Free objects are not real objects in the strictest sense. They are actually markers placed by the GC to denote free space on the heap. Free objects have no fields (though they do have a size). In general, if you are trying to find heap fragmentation, you will need to take a look at how many Free objects there are, how big they are, and what lies between them. Otherwise, you should ignore them.

Getting Methods

Enumerating methods on a type is currently not implemented (as of Beta 0.5). This will be done before 1.0 is released.

Enumerating all types

Previously, we have talked about types by starting from an object instance and getting the type from it. However, there are also circumstances where you want to simply enumerate all types in the runtime. For example, you may want to get the values of all static variables in the process. To enumerate all types that CLR currently knows about, you can call the GCHeap.EnumerateTypes function. Enumerating all types in the runtime has a LOT of caveats, however. Before we get to those, let's look at a quick example of printing out every static variable in the runtime:

foreach (var type in heap.EnumerateTypes())
{
    foreach (CLRAppDomain appDomain in runtime.AppDomains)
    {
        foreach (GCHeapStaticField field in type.StaticFields)
        {
            if (field.HasSimpleValue)
                Console.WriteLine("{0}.{1} ({2}) = {3}", type.Name, field.Name, appDomain.ID, field.GetFieldValue(appDomain));
        }
    }
}

Similarly, this is how you would walk all ThreadStatic variables in your process:

foreach (var type in heap.EnumerateTypes())
{
    foreach (CLRAppDomain appDomain in runtime.AppDomains)
    {
        foreach (CLRThread thread in runtime.Threads)
        {
            foreach (GCHeapThreadStaticField field in type.ThreadStaticFields)
            {
                if (field.HasSimpleValue)
                    Console.WriteLine("{0}.{1} ({2}, {3:X}) = {4}", type.Name, field.Name, appDomain.ID, thread.OSThreadId, field.GetFieldValue(appDomain, thread));
            }
        }
    }
}

There are several caveats that you need to know about when using GCHeap.EnumerateTypes. First, this function can be quite slow the first time you call it. CLRMD is implemented on top of the old dac debugging interfaces, and this is simply one place where we did not enumerate types in a smart or performant way. You should expect a 1-3 second delay for a sizable program when calling this function for the first time. The result is cached though, so subsequent calls will be MUCH faster.

Second, this function only enumerates types which CLR currently knows about. Let's say you have a class called "Foo" in your program which has no static variables, and has never been constructed. While the class exists in the metadata of your program, CLR has never needed it, so it never constructed it. That means that it will NOT be one of the types enumerated to you. This again is a limitation of the underlying API this library was implemented on top of. If you want all of the types in your metadata, you will need to use the real Metadata APIs, which CLRMD does not provide.

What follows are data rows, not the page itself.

(* Let $E$ be a Banach space over $\mathbb{K}$, $m,k\in\mathbb{N}$ with $k>1$, and suppose that there exists a surjective polynomial $R\in\mathcal{P}(^{mk}E;\ell_1)$. Then there exists a weak*-weak*-continuous operator $T\in\mathcal{L}(\mathcal{P}(^k\ell_1);\mathcal{P}(^{mk}E))$ such that $T\neq\Delta^1_kP$ for every $P\in\mathcal{P}(^mE;\ell_1)$.
   Context: Banach spaces are over $\mathbb{K}=\mathbb{R}$ or $\mathbb{C}$. $\mathcal{P}(^jX;Y)$ is the space of continuous $j$-homogeneous polynomials $X\to Y$, $\mathcal{P}(^jX)=\mathcal{P}(^jX;\mathbb{K})$, $\mathcal{L}(X;Y)$ the bounded linear operators. For $P\in\mathcal{P}(^mE;F)$, $\Delta^1_kP\colon\mathcal{P}(^kF)\to\mathcal{P}(^{mk}E)$ is $\Delta^1_kP(q)=q\circ P$. For a Banach space $X$ and $j\in\mathbb{N}$, $\widehat{\otimes}^{j,s}_\pi X$ is the completed $j$-fold symmetric projective tensor product, and for $q\in\mathcal{P}(^jX)$, $q_L\in(\widehat{\otimes}^{j,s}_\pi X)^*$ is the linearization with $q_L(x\otimes\cdots\otimes x)=q(x)$; $q\mapsto q_L$ is a topological isomorphism $\mathcal{P}(^jX)\to(\widehat{\otimes}^{j,s}_\pi X)^*$. The weak* topology on $\mathcal{P}(^jX)$ is the one induced via this isomorphism by the weak* topology of $(\widehat{\otimes}^{j,s}_\pi X)^*$. *)

theory Defs
  imports "HOL-Analysis.Analysis"
begin

text \<open>This lets us treat
E (a type), the scalar field K and the sequence space l1 uniformly.\<close>

record ('k, 'a) nspace =
  carr :: "'a set"
  add  :: "'a \<Rightarrow> 'a \<Rightarrow> 'a"
  smul :: "'k \<Rightarrow> 'a \<Rightarrow> 'a"
  nrm  :: "'a \<Rightarrow> real"

text \<open>A K-vector space structure (K = 'k) on a real Banach space 'e, compatible with
its real structure and its norm.  With 'k :: {real_normed_field, banach}
(i.e. K = R or K = C), 'e :: banach together with such sc is a Banach space over K.\<close>

definition kvs :: "('k::real_normed_field \<Rightarrow> 'e::real_normed_vector \<Rightarrow> 'e) \<Rightarrow> bool" where
  "kvs sc \<longleftrightarrow>
     (\<forall>a b x. sc a (sc b x) = sc (a * b) x) \<and>
     (\<forall>x. sc 1 x = x) \<and>
     (\<forall>a x y. sc a (x + y) = sc a x + sc a y) \<and>
     (\<forall>a b x. sc (a + b) x = sc a x + sc b x) \<and>
     (\<forall>r x. sc (of_real r) x = r *\<^sub>R x) \<and>
     (\<forall>a x. norm (sc a x) = norm a * norm x)"

definition Esp :: "('k \<Rightarrow> 'e \<Rightarrow> 'e) \<Rightarrow> ('k, 'e::real_normed_vector) nspace" where
  "Esp sc = \<lparr>carr = UNIV, add = (+), smul = sc, nrm = norm\<rparr>"

definition Ksp :: "('k::real_normed_field, 'k) nspace" where
  "Ksp = \<lparr>carr = UNIV, add = (+), smul = (*), nrm = norm\<rparr>"

definition L1 :: "('k::real_normed_field, nat \<Rightarrow> 'k) nspace" where
  "L1 = \<lparr>carr = {x. summable (\<lambda>n. norm (x n))},
         add = (\<lambda>x y n. x n + y n),
         smul = (\<lambda>a x n. a * x n),
         nrm = (\<lambda>x. \<Sum>n. norm (x n))\<rparr>"

text \<open>Continuous (= bounded) j-linear maps X^j \<rightarrow> Y; arguments are indexed by i < j.\<close>

definition mlin :: "('k::real_normed_field, 'a) nspace \<Rightarrow> ('k, 'b) nspace \<Rightarrow> nat
                    \<Rightarrow> ((nat \<Rightarrow> 'a) \<Rightarrow> 'b) \<Rightarrow> bool" where
  "mlin X Y j A \<longleftrightarrow>
     (\<forall>xs ys. (\<forall>i<j. xs i = ys i) \<longrightarrow> A xs = A ys) \<and>
     (\<forall>xs. (\<forall>i<j. xs i \<in> carr X) \<longrightarrow> A xs \<in> carr Y) \<and>
     (\<forall>xs i u v a b. (\<forall>l<j. xs l \<in> carr X) \<and> i < j \<and> u \<in> carr X \<and> v \<in> carr X \<longrightarrow>
        A (xs(i := add X (smul X a u) (smul X b v))) =
        add Y (smul Y a (A (xs(i := u)))) (smul Y b (A (xs(i := v))))) \<and>
     (\<exists>C. \<forall>xs. (\<forall>i<j. xs i \<in> carr X) \<longrightarrow> nrm Y (A xs) \<le> C * (\<Prod>i<j. nrm X (xs i)))"

definition hpoly :: "('k::real_normed_field, 'a) nspace \<Rightarrow> ('k, 'b) nspace \<Rightarrow> nat
                     \<Rightarrow> ('a \<Rightarrow> 'b) \<Rightarrow> bool" where
  "hpoly X Y j P \<longleftrightarrow> (\<exists>A. mlin X Y j A \<and> (\<forall>x\<in>carr X. P x = A (\<lambda>_. x)))"

text \<open>The space P(^j X) of scalar valued continuous j-homogeneous polynomials
(extended by 0 outside the carrier, so each polynomial has a unique representative).\<close>

definition spoly :: "('k::real_normed_field, 'a) nspace \<Rightarrow> nat \<Rightarrow> ('a \<Rightarrow> 'k) set" where
  "spoly X j = {q. hpoly X Ksp j q \<and> (\<forall>x. x \<notin> carr X \<longrightarrow> q x = 0)}"

definition pnorm :: "('k::real_normed_field, 'a) nspace \<Rightarrow> ('a \<Rightarrow> 'k) \<Rightarrow> real" where
  "pnorm X q = Sup ((\<lambda>x. norm (q x)) ` {x \<in> carr X. nrm X x \<le> 1})"

text \<open>Elements of the completed symmetric projective tensor product are exactly the
series  u = \<Sum>n. lam n * x_n \<otimes> ... \<otimes> x_n  with \<Sum>n |lam n| \<parallel>x_n\<parallel>^j < \<infinity>;
for such u, q_L(u) = \<Sum>n. lam n * q(x_n).\<close>

definition adm :: "('k::real_normed_field, 'a) nspace \<Rightarrow> nat \<Rightarrow> (nat \<Rightarrow> 'k) \<times> (nat \<Rightarrow> 'a) \<Rightarrow> bool" where
  "adm X j u \<longleftrightarrow> (\<forall>n. snd u n \<in> carr X) \<and>
                  summable (\<lambda>n. norm (fst u n) * nrm X (snd u n) ^ j)"

definition tens_eval :: "(nat \<Rightarrow> 'k::real_normed_field) \<times> (nat \<Rightarrow> 'a) \<Rightarrow> ('a \<Rightarrow> 'k) \<Rightarrow> 'k" where
  "tens_eval u q = (\<Sum>n. fst u n * q (snd u n))"

definition wstar :: "('k::{real_normed_field}, 'a) nspace \<Rightarrow> nat \<Rightarrow> ('a \<Rightarrow> 'k) topology" where
  "wstar X j = pullback_topology (spoly X j)
       (\<lambda>q. restrict (\<lambda>u. tens_eval u q) {u. adm X j u})
       (product_topology (\<lambda>_. euclidean) {u. adm X j u})"

definition blin_poly :: "('k::real_normed_field, 'a) nspace \<Rightarrow> nat \<Rightarrow> ('k, 'b) nspace \<Rightarrow> nat
                         \<Rightarrow> (('a \<Rightarrow> 'k) \<Rightarrow> ('b \<Rightarrow> 'k)) \<Rightarrow> bool" where
  "blin_poly X i Y j T \<longleftrightarrow>
     (\<forall>q\<in>spoly X i. T q \<in> spoly Y j) \<and>
     (\<forall>q\<in>spoly X i. \<forall>q'\<in>spoly X i. \<forall>a b.
        T (\<lambda>x. a * q x + b * q' x) = (\<lambda>y. a * T q y + b * T q' y)) \<and>
     (\<exists>C. \<forall>q\<in>spoly X i. pnorm Y (T q) \<le> C * pnorm X q)"

definition Delta1 :: "('e \<Rightarrow> 'b) \<Rightarrow> ('b \<Rightarrow> 'k) \<Rightarrow> ('e \<Rightarrow> 'k)" where
  "Delta1 P q = q \<circ> P"

end

theory Submission
  imports Defs
begin
(* Let $R$, $R'$ be Hecke symmetries with the same parameter $q$ on finite dimensional spaces $V$, $V'$. For every $n\ge0$ there is an isomorphism $A_n(R',R)\cong\operatorname{Hom}_{\mathcal H_n}(V^{\otimes n},V'^{\otimes n})^*$, where $V^{\otimes n}$ and $V'^{\otimes n}$ are $\mathcal H_n(q)$-modules via $R$ and $R'$.
   Context: A Hecke symmetry with parameter $0\neq q\in\Bbbk$ on $V$ is a linear operator $R$ on $V\otimes V$ with $(R+\mathrm{id})(R-q\,\mathrm{id})=0$ and the braid relation $(R\otimes\mathrm{id})(\mathrm{id}\otimes R)(R\otimes\mathrm{id})=(\mathrm{id}\otimes R)(R\otimes\mathrm{id})(\mathrm{id}\otimes R)$; the Hecke algebra $\mathcal H_n(q)$ acts on $V^{\otimes n}$ with $T_i$ acting as $\mathrm{id}^{\otimes(i-1)}\otimes R\otimes\mathrm{id}^{\otimes(n-i-1)}$. With $R'^*$ the adjoint of $R'$ on $(V'^* )^{\otimes2}\cong(V'^{\otimes2})^*$, $\mathcal R$ is the operator on $(V'^*\otimes V)^{\otimes2}$ corresponding to $(R'^* )^{-1}\otimes R$ under $(V'^*\otimes V)^{\otimes2}\cong(V'^* )^{\otimes2}\otimes V^{\otimes2}$, and $A(R',R)$ is the quotient of $\mathbb T(V'^*\otimes V)$ by the ideal generated by $\operatorname{Im}(\mathcal R-\mathrm{id})$, with $A_n(R',R)$ its degree $n$ component. *)

theory Defs
  imports Main
begin

text \<open>A finite dimensional space V of dimension d has basis
  indexed by the set {..<d}. Tensors of degree n over an alphabet X (basis index set)
  are functions on words (lists) of length n over X, vanishing off such words.
  Linear operators on the n-th tensor power are matrices indexed by pairs of words:
  entry M u w is the coefficient of e_u in M(e_w).\<close>

definition words :: "'x set \<Rightarrow> nat \<Rightarrow> 'x list set" where
  "words X n = {w. length w = n \<and> set w \<subseteq> X}"

definition tens :: "'x set \<Rightarrow> nat \<Rightarrow> ('x list \<Rightarrow> 'k::field) set" where
  "tens X n = {x. \<forall>w. w \<notin> words X n \<longrightarrow> x w = 0}"

definition idmat :: "'x list \<Rightarrow> 'x list \<Rightarrow> 'k::field" where
  "idmat u w = (if u = w then 1 else 0)"

definition mmul :: "'x set \<Rightarrow> nat \<Rightarrow> ('x list \<Rightarrow> 'x list \<Rightarrow> 'k::field)
    \<Rightarrow> ('x list \<Rightarrow> 'x list \<Rightarrow> 'k) \<Rightarrow> ('x list \<Rightarrow> 'x list \<Rightarrow> 'k)" where
  "mmul X n A B = (\<lambda>u w. \<Sum>v\<in>words X n. A u v * B v w)"

definition meq :: "'x set \<Rightarrow> nat \<Rightarrow> ('x list \<Rightarrow> 'x list \<Rightarrow> 'k::field)
    \<Rightarrow> ('x list \<Rightarrow> 'x list \<Rightarrow> 'k) \<Rightarrow> bool" where
  "meq X n A B = (\<forall>u\<in>words X n. \<forall>w\<in>words X n. A u w = B u w)"

definition mapply :: "'x set \<Rightarrow> nat \<Rightarrow> ('x list \<Rightarrow> 'x list \<Rightarrow> 'k::field)
    \<Rightarrow> ('x list \<Rightarrow> 'k) \<Rightarrow> ('x list \<Rightarrow> 'k)" where
  "mapply X n A x = (\<lambda>u. if u \<in> words X n then (\<Sum>w\<in>words X n. A u w * x w) else 0)"

definition minv :: "'x set \<Rightarrow> nat \<Rightarrow> ('x list \<Rightarrow> 'x list \<Rightarrow> 'k::field)
    \<Rightarrow> ('x list \<Rightarrow> 'x list \<Rightarrow> 'k)" where
  "minv X n M = (SOME S. meq X n (mmul X n S M) idmat \<and> meq X n (mmul X n M S) idmat)"

text \<open>id^{i} \<otimes> M \<otimes> id^{n-i-2} for an operator M on the second tensor power
  (0-based position i; so lift X n R (i-1) is the action of T_i).\<close>
definition lift :: "'x set \<Rightarrow> nat \<Rightarrow> ('x list \<Rightarrow> 'x list \<Rightarrow> 'k::field) \<Rightarrow> nat
    \<Rightarrow> ('x list \<Rightarrow> 'x list \<Rightarrow> 'k)" where
  "lift X n M i = (\<lambda>u w. if take i u = take i w \<and> drop (i+2) u = drop (i+2) w
       then M (take 2 (drop i u)) (take 2 (drop i w)) else 0)"

definition hecke_symmetry :: "nat \<Rightarrow> 'k::field \<Rightarrow> (nat list \<Rightarrow> nat list \<Rightarrow> 'k) \<Rightarrow> bool" where
  "hecke_symmetry d q R \<longleftrightarrow>
     meq {..<d} 2 (mmul {..<d} 2 (\<lambda>u w. R u w + idmat u w) (\<lambda>u w. R u w - q * idmat u w))
        (\<lambda>_ _. 0) \<and>
     meq {..<d} 3 (mmul {..<d} 3 (lift {..<d} 3 R 0) (mmul {..<d} 3 (lift {..<d} 3 R 1) (lift {..<d} 3 R 0)))
                  (mmul {..<d} 3 (lift {..<d} 3 R 1) (mmul {..<d} 3 (lift {..<d} 3 R 0) (lift {..<d} 3 R 1)))"

definition tmul :: "nat \<Rightarrow> ('x list \<Rightarrow> 'k::field) \<Rightarrow> ('x list \<Rightarrow> 'k) \<Rightarrow> ('x list \<Rightarrow> 'k)" where
  "tmul m x y = (\<lambda>w. x (take m w) * y (drop m w))"

definition lspan :: "('x \<Rightarrow> 'k::field) set \<Rightarrow> ('x \<Rightarrow> 'k) set" where
  "lspan S = {z. \<exists>F c. finite F \<and> F \<subseteq> S \<and> z = (\<lambda>w. \<Sum>f\<in>F. c f * f w)}"

text \<open>Degree-n component of the two-sided ideal of the tensor algebra T(X) generated
  by a set S of degree-2 tensors.\<close>
definition ideal_deg :: "'x set \<Rightarrow> nat \<Rightarrow> ('x list \<Rightarrow> 'k::field) set \<Rightarrow> ('x list \<Rightarrow> 'k) set" where
  "ideal_deg X n S = lspan {tmul (i+2) (tmul i x s) y | i x s y.
      i + 2 \<le> n \<and> x \<in> tens X i \<and> s \<in> S \<and> y \<in> tens X (n - 2 - i)}"

text \<open>Basis of W = V'^* \<otimes> V: pairs (a,i), a < d' (dual basis of V'), i < d (basis of V).\<close>
definition Walph :: "nat \<Rightarrow> nat \<Rightarrow> (nat \<times> nat) set" where
  "Walph d' d = {..<d'} \<times> {..<d}"

text \<open>The operator calR on W \<otimes> W corresponding to (R'^*)^{-1} \<otimes> R; the matrix of the adjoint
  in the dual basis is the transpose.\<close>
definition calR :: "nat \<Rightarrow> (nat list \<Rightarrow> nat list \<Rightarrow> 'k::field) \<Rightarrow> (nat list \<Rightarrow> nat list \<Rightarrow> 'k)
    \<Rightarrow> ((nat \<times> nat) list \<Rightarrow> (nat \<times> nat) list \<Rightarrow> 'k)" where
  "calR d' R' R = (\<lambda>u w. minv {..<d'} 2 (\<lambda>a b. R' b a) (map fst u) (map fst w)
                          * R (map snd u) (map snd w))"

definition A_rels :: "nat \<Rightarrow> nat \<Rightarrow> (nat list \<Rightarrow> nat list \<Rightarrow> 'k::field) \<Rightarrow> (nat list \<Rightarrow> nat list \<Rightarrow> 'k)
    \<Rightarrow> ((nat \<times> nat) list \<Rightarrow> 'k) set" where
  "A_rels d' d R' R = {mapply (Walph d' d) 2 (\<lambda>u w. calR d' R' R u w - idmat u w) x | x.
       x \<in> tens (Walph d' d) 2}"

text \<open>A_n(R',R) = W^{\<otimes>n} / A_ideal, with W^{\<otimes>n} = tens (Walph d' d) n.\<close>
definition A_ideal :: "nat \<Rightarrow> nat \<Rightarrow> (nat list \<Rightarrow> nat list \<Rightarrow> 'k::field) \<Rightarrow> (nat list \<Rightarrow> nat list \<Rightarrow> 'k)
    \<Rightarrow> nat \<Rightarrow> ((nat \<times> nat) list \<Rightarrow> 'k) set" where
  "A_ideal d' d R' R n = ideal_deg (Walph d' d) n (A_rels d' d R' R)"

text \<open>Hom_{H_n}(V^{\<otimes>n}, V'^{\<otimes>n}): linear maps (matrices, rows indexed by words over {..<d'},
  columns by words over {..<d}) commuting with the action of all generators T_1..T_{n-1}.\<close>
definition HomH :: "nat \<Rightarrow> nat \<Rightarrow> (nat list \<Rightarrow> nat list \<Rightarrow> 'k::field) \<Rightarrow> (nat list \<Rightarrow> nat list \<Rightarrow> 'k)
    \<Rightarrow> nat \<Rightarrow> (nat list \<Rightarrow> nat list \<Rightarrow> 'k) set" where
  "HomH d d' R R' n = {M.
     (\<forall>u w. u \<notin> words {..<d'} n \<or> w \<notin> words {..<d} n \<longrightarrow> M u w = 0) \<and>
     (\<forall>i. i + 2 \<le> n \<longrightarrow>
        (\<forall>u\<in>words {..<d'} n. \<forall>w\<in>words {..<d} n.
           (\<Sum>v\<in>words {..<d} n. M u v * lift {..<d} n R i v w)
         = (\<Sum>v\<in>words {..<d'} n. lift {..<d'} n R' i u v * M v w)))}"

text \<open>f is a linear functional on the space H of matrices (i.e. f restricted to H is in H^*).\<close>
definition lin_functional :: "('a \<Rightarrow> 'b \<Rightarrow> 'k::field) set \<Rightarrow> (('a \<Rightarrow> 'b \<Rightarrow> 'k) \<Rightarrow> 'k) \<Rightarrow> bool" where
  "lin_functional H f \<longleftrightarrow> (\<forall>M\<in>H. \<forall>N\<in>H. \<forall>a b. f (\<lambda>u w. a * M u w + b * N u w) = a * f M + b * f N)"
(* Let $n\geq 4$. The wheel $W_n$ is not strong cop-win (i.e. not strong $1$-cop-win), but it is strong 2-cop-win, and $\lim_{m\to\infty}\mathrm{capt}_2(W_n,m)=n-3$.
   Context: The wheel $W_n$ ($n\geq 4$) is the cycle $C_{n-1}$ together with one additional vertex adjacent to all cycle vertices. All graphs are reflexive (a player may stay in place). The game of $k$ cops and $m$ robbers on $G$: in round 0 the cops first choose starting vertices, then the robbers choose theirs. In each round $i\geq 1$, all $k$ cops move (each to an adjacent vertex or staying), then all $m$ robbers move likewise. Several players may occupy the same vertex. Whenever a cop and some robbers occupy the same vertex, those robbers are captured and take no further part in the game. Both sides have full information. The cops win if all robbers are captured after finitely many rounds. $G$ is $k$-cop-win if $k$ cops can always win against one robber. For a $k$-cop-win graph $G$, $\mathrm{capt}_k(G,m)$ is the index of the round in which the last robber is captured when $k$ cops play to minimize this index and $m$ robbers play to maximize it. $G$ is strong $k$-cop-win if $\lim_{m\to\infty}\mathrm{capt}_k(G,m)$ exists (and is finite). *)

theory Defs
  imports Complex_Main
begin

(* A graph is given by a vertex set V and an (irreflexive, symmetric) edge relation E
   whose edges lie inside V.  Graphs are reflexive for the game: a player may stay. *)

definition step :: "('v \<Rightarrow> 'v \<Rightarrow> bool) \<Rightarrow> 'v \<Rightarrow> 'v \<Rightarrow> bool" where
  "step E u w \<longleftrightarrow> u = w \<or> E u w"

definition alive :: "'v list \<Rightarrow> 'v list \<Rightarrow> 'v list" where
  "alive C R = filter (\<lambda>r. r \<notin> set C) R"

(* cops_force E t C R: from a position at the end of a round, with cops at C and
   uncaptured robbers at R, the cops can force that all robbers are captured within
   the next t rounds, whatever the robbers do. *)
fun cops_force :: "('v \<Rightarrow> 'v \<Rightarrow> bool) \<Rightarrow> nat \<Rightarrow> 'v list \<Rightarrow> 'v list \<Rightarrow> bool" where
  "cops_force E 0 C R \<longleftrightarrow> R = []"
| "cops_force E (Suc t) C R \<longleftrightarrow> R = [] \<or>
     (\<exists>C'. list_all2 (step E) C C' \<and>
        (\<forall>R'. list_all2 (step E) (alive C' R) R' \<longrightarrow> cops_force E t C' (alive C' R')))"

(* k cops can guarantee that all m robbers are captured by round t (round 0 = placement) *)
definition capt_within :: "'v set \<Rightarrow> ('v \<Rightarrow> 'v \<Rightarrow> bool) \<Rightarrow> nat \<Rightarrow> nat \<Rightarrow> nat \<Rightarrow> bool" where
  "capt_within V E k m t \<longleftrightarrow>
     (\<exists>C. length C = k \<and> set C \<subseteq> V \<and>
        (\<forall>R. length R = m \<and> set R \<subseteq> V \<longrightarrow> cops_force E t C (alive C R)))"

definition cop_win :: "'v set \<Rightarrow> ('v \<Rightarrow> 'v \<Rightarrow> bool) \<Rightarrow> nat \<Rightarrow> bool" where
  "cop_win V E k \<longleftrightarrow> (\<exists>t. capt_within V E k 1 t)"

definition capt :: "'v set \<Rightarrow> ('v \<Rightarrow> 'v \<Rightarrow> bool) \<Rightarrow> nat \<Rightarrow> nat \<Rightarrow> nat" where
  "capt V E k m = (LEAST t. capt_within V E k m t)"

definition strong_cop_win :: "'v set \<Rightarrow> ('v \<Rightarrow> 'v \<Rightarrow> bool) \<Rightarrow> nat \<Rightarrow> bool" where
  "strong_cop_win V E k \<longleftrightarrow> cop_win V E k \<and> (\<exists>L. (\<lambda>m. real (capt V E k m)) \<longlonglongrightarrow> L)"

(* Wheel W_n: hub 0, cycle 1,2,...,n-1,1 *)
definition wheel_V :: "nat \<Rightarrow> nat set" where
  "wheel_V n = {0..<n}"

definition wheel_E :: "nat \<Rightarrow> nat \<Rightarrow> nat \<Rightarrow> bool" where
  "wheel_E n u w \<longleftrightarrow> u \<noteq> w \<and>
     ((u = 0 \<and> w \<in> {1..<n}) \<or> (w = 0 \<and> u \<in> {1..<n}) \<or>
      (u \<in> {1..<n} \<and> w \<in> {1..<n} \<and> (w = u mod (n - 1) + 1 \<or> u = w mod (n - 1) + 1)))"

end

theory Submission
  imports Defs
begin

(* Call the set of vertices that may still hold a robber the robbers' territory. If there is
   a robber for every start vertex and every plan of moves (|V|^(t+1) robbers suffice for
   t rounds), the cops capture everyone within t rounds only if they can clear the whole
   territory within t rounds; conversely, clearing the territory captures any number of robbers.

   A single cop on W_n never clears more than its own vertex, since every other vertex is
   reached through the hub or along the rim. So capt_1(W_n, m) grows without bound, although
   it is finite: a cop on the hub catches at least one robber every two rounds.

   With two cops the cleared set starts with at most two vertices and grows by at most one per
   round: a cleared vertex stays cleared only if it carries a cop or all its neighbours are
   cleared, and if both cops step onto new vertices, some old cleared vertex has an uncleared
   neighbour (the hub, or a rim neighbour). Hence two cops need n - 3 rounds against many
   robbers, and n - 3 rounds suffice: one cop walks down the rim while the other alternates
   between the hub and rim vertex 2, squeezing the robbers into a shrinking arc. *)

section \<open>The game against the robbers' territory\<close>

lemma list_all2_set_rightD: "list_all2 P xs ys \<Longrightarrow> y \<in> set ys \<Longrightarrow> \<exists>x\<in>set xs. P x y"
  by (metis in_set_conv_nth list_all2_conv_all_nth)

lemma alive_map_fst: "alive C (map fst P) = map fst (filter (\<lambda>p. fst p \<notin> set C) P)"
  by (simp add: alive_def filter_map o_def)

Third, some generics will be enumerated and some will not. Some generic instantiations will be enumerated and some will not. Sometimes the runtime will enumerate the "open form" of generics through this function. For example, we may enumerate Action<T> (the open generic form), Action<int>, and Action<object>, but not enumerate Action<float>. You will have to account for this and work around it if you attempt to enumerate types in the runtime.

The thing to keep in mind here is that it was impossible for me to implement EnumerateTypes in a sensible, consistent way due to the underlying API CLRMD is built on. I would not have included it at all in the API surface area, except that you need a way to do things like: Enumerate all statics in the process, enumerate all types (that we can!) which implement IDisposable, and so on. Please use caution when using this for anything "outside the box" and realize the limitations of it.